Provide only the number of lines below that contain the word "longleftrightarrow".

Start of DATASET CONTENT

(* Let $X,Y,Z\in\mathbb{Z}[i]$ satisfy $X^2+iY^2=Z^2$, $\gcd(X,Y)\in U$, $XYZ\neq0$, with $X,Z\in O^I$ and $Y=(1+i)^2W$, $W\in G$. Then there exist an integer $t$, $0\le t\le3$, and $P,Q\in G$ with $\gcd(P,Q)=1$ such that $$X=i^{t+1}\big(P^2-(-1)^t iQ^2\big),\quad Y=(1+i)^2PQ,\quad Z=i^{t+1}\big(P^2+(-1)^t iQ^2\big).$$
   Context: $\mathbb{Z}[i]$ is the ring of Gaussian integers, $U=\{1,-1,i,-i\}$ its unit group; $R(\alpha),I(\alpha)$ are real and imaginary parts. $\gcd(x,y)\in U$ means no common non-unit divisor; for $P,Q\in G$, $\gcd(P,Q)=1$ means no common prime factor. $O=\{\alpha: R(\alpha)+I(\alpha)\equiv1\pmod 2\}$, $O^I=\{\alpha\in O: R(\alpha)\equiv 1\pmod 4\}$. $G$ is the set of Gaussian integers $(1+i)^{a_1}p_2^{a_2}\cdots p_m^{a_m}$ with integers $a_j\ge0$ and $p_j$ distinct Gaussian primes in $O^I$. *)

theory Defs
  imports Complex_Main
begin

definition gauss_ints :: "complex set" where
  "gauss_ints = {z. \<exists>a b :: int. z = Complex (of_int a) (of_int b)}"

definition gdvd :: "complex \<Rightarrow> complex \<Rightarrow> bool" where
  "gdvd a b \<longleftrightarrow> (\<exists>c\<in>gauss_ints. b = a * c)"

definition gunits :: "complex set" where
  "gunits = {1, -1, \<i>, -\<i>}"

definition gprime :: "complex \<Rightarrow> bool" where
  "gprime p \<longleftrightarrow> p \<in> gauss_ints \<and> p \<noteq> 0 \<and> p \<notin> gunits \<and>
     (\<forall>a\<in>gauss_ints. \<forall>b\<in>gauss_ints. gdvd p (a * b) \<longrightarrow> gdvd p a \<or> gdvd p b)"

definition gO :: "complex set" where
  "gO = {z. \<exists>a b :: int. z = Complex (of_int a) (of_int b) \<and> odd (a + b)}"

definition gOI :: "complex set" where
  "gOI = {z. \<exists>a b :: int. z = Complex (of_int a) (of_int b) \<and> odd (a + b) \<and> a mod 4 = 1}"

definition gG :: "complex set" where
  "gG = {z. \<exists>(a::nat) (F::complex set) (e::complex \<Rightarrow> nat).
            finite F \<and> (\<forall>p\<in>F. gprime p \<and> p \<in> gOI) \<and>
            z = (1 + \<i>) ^ a * (\<Prod>p\<in>F. p ^ e p)}"

definition gcd_unit :: "complex \<Rightarrow> complex \<Rightarrow> bool" where
  "gcd_unit x y \<longleftrightarrow> (\<forall>d\<in>gauss_ints. gdvd d x \<and> gdvd d y \<longrightarrow> d \<in> gunits)"

text \<open>gcd(P,Q) = 1 for P, Q in G: no common prime factor.\<close>
definition no_common_prime :: "complex \<Rightarrow> complex \<Rightarrow> bool" where
  "no_common_prime x y \<longleftrightarrow> \<not> (\<exists>p. gprime p \<and> gdvd p x \<and> gdvd p y)"

end

theory Submission
  imports Defs
begin

text \<open>Put \<open>\<alpha> = (Z + X)/2\<close> and \<open>\<beta> = (Z - X)/2\<close>; they are Gaussian integers because elements of
  \<open>O\<^sup>I\<close> have odd real and even imaginary part. Then \<open>\<alpha>\<beta> = (Z\<^sup>2 - X\<^sup>2)/4 = i Y\<^sup>2/4 = -i W\<^sup>2\<close>,
  and \<open>\<alpha>, \<beta>\<close> are coprime, since a common prime would divide \<open>X\<close>, \<open>Z\<close> and hence \<open>Y\<close>.
  As \<open>W \<in> G\<close>, unique factorisation gives \<open>\<alpha> = v P\<^sup>2\<close>, \<open>\<beta> = w Q\<^sup>2\<close> with \<open>P, Q \<in> G\<close>,
  \<open>PQ = W\<close> and units \<open>v w = -i\<close>; the four choices \<open>v = i^(t+1)\<close> give the four values of \<open>t\<close>.\<close>

lemma gauss_ints_iff: "z \<in> gauss_ints \<longleftrightarrow> Re z \<in> \<int> \<and> Im z \<in> \<int>"
proof
  assume "z \<in> gauss_ints"
  then show "Re z \<in> \<int> \<and> Im z \<in> \<int>"
    unfolding gauss_ints_def by auto
next
  assume "Re z \<in> \<int> \<and> Im z \<in> \<int>"
  then obtain a b where "Re z = of_int a" "Im z = of_int b"
    by (auto elim!: Ints_cases)
  then have "z = Complex (of_int a) (of_int b)"
    by (simp add: complex_eq_iff)
  then show "z \<in> gauss_ints"
    unfolding gauss_ints_def by blast
qed

lemma gauss_ints_add [intro]: "a \<in> gauss_ints \<Longrightarrow> b \<in> gauss_ints \<Longrightarrow> a + b \<in> gauss_ints"
  and gauss_ints_diff [intro]: "a \<in> gauss_ints \<Longrightarrow> b \<in> gauss_ints \<Longrightarrow> a - b \<in> gauss_ints"
  and gauss_ints_mult [intro]: "a \<in> gauss_ints \<Longrightarrow> b \<in> gauss_ints \<Longrightarrow> a * b \<in> gauss_ints"
  and gauss_ints_one [simp, intro]: "1 \<in> gauss_ints"
  and gauss_ints_i [simp, intro]: "\<i> \<in> gauss_ints"
  by (simp_all add: gauss_ints_iff)

lemma gauss_ints_power [intro]: "a \<in> gauss_ints \<Longrightarrow> a ^ n \<in> gauss_ints"
  by (induction n) auto

lemma gauss_ints_prod [intro]: "(\<And>x. x \<in> A \<Longrightarrow> f x \<in> gauss_ints) \<Longrightarrow> prod f A \<in> gauss_ints"
  by (induction A rule: infinite_finite_induct) auto

lemma gauss_ints_half:
  assumes "Re z = of_int m" "Im z = of_int n" "even m" "even n"
  shows "z / 2 \<in> gauss_ints"
proof -
  obtain k l where "m = 2 * k" "n = 2 * l"
    using assms(3,4) by (auto elim!: evenE)
  then have "Re (z / 2) = of_int k" "Im (z / 2) = of_int l"
    using assms(1,2) by simp_all
  then show ?thesis
    by (simp add: gauss_ints_iff)
qed

lemma gdvd_trans: "gdvd a b \<Longrightarrow> gdvd b c \<Longrightarrow> gdvd a c"
  unfolding gdvd_def by (metis gauss_ints_mult mult.assoc)

lemma gdvd_mult_right: "gdvd a b \<Longrightarrow> c \<in> gauss_ints \<Longrightarrow> gdvd a (b * c)"
  unfolding gdvd_def by (metis gauss_ints_mult mult.assoc)

lemma gdvd_add: "gdvd a b \<Longrightarrow> gdvd a c \<Longrightarrow> gdvd a (b + c)"
  unfolding gdvd_def by (metis gauss_ints_add distrib_left)

lemma gdvd_diff: "gdvd a b \<Longrightarrow> gdvd a c \<Longrightarrow> gdvd a (b - c)"
  unfolding gdvd_def by (metis gauss_ints_diff right_diff_distrib)

lemma gunits_subset_gauss_ints: "gunits \<subseteq> gauss_ints"
  by (auto simp: gunits_def gauss_ints_iff)

lemma int_sum_squares_eq_1:
  fixes a b :: int
  assumes "a\<^sup>2 + b\<^sup>2 = 1"
  shows "(a = 1 \<or> a = -1) \<and> b = 0 \<or> a = 0 \<and> (b = 1 \<or> b = -1)"
proof -
  have "a\<^sup>2 \<le> 1" "b\<^sup>2 \<le> 1"
    using assms zero_le_power2[of a] zero_le_power2[of b] by linarith+
  then have "\<bar>a\<bar> \<le> 1" "\<bar>b\<bar> \<le> 1"
    by (metis abs_le_square_iff abs_one one_power2)+
  then have "a \<in> {-1, 0, 1}" "b \<in> {-1, 0, 1}"
    by auto
  then show ?thesis
    using assms by auto
qed

lemma gunits_iff_norm_eq_1:
  assumes "z \<in> gauss_ints"
  shows "z \<in> gunits \<longleftrightarrow> (Re z)\<^sup>2 + (Im z)\<^sup>2 = 1"
proof
  assume "(Re z)\<^sup>2 + (Im z)\<^sup>2 = 1"
  moreover obtain a b :: int where "z = Complex (of_int a) (of_int b)"
    using assms unfolding gauss_ints_def by blast
  ultimately show "z \<in> gunits"
    using int_sum_squares_eq_1[of a b] by (auto simp: gunits_def complex_eq_iff simp flip: of_int_power)
qed (auto simp: gunits_def)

End of DATASET CONTENT

## RESPONSE TO THE EXERCISE
6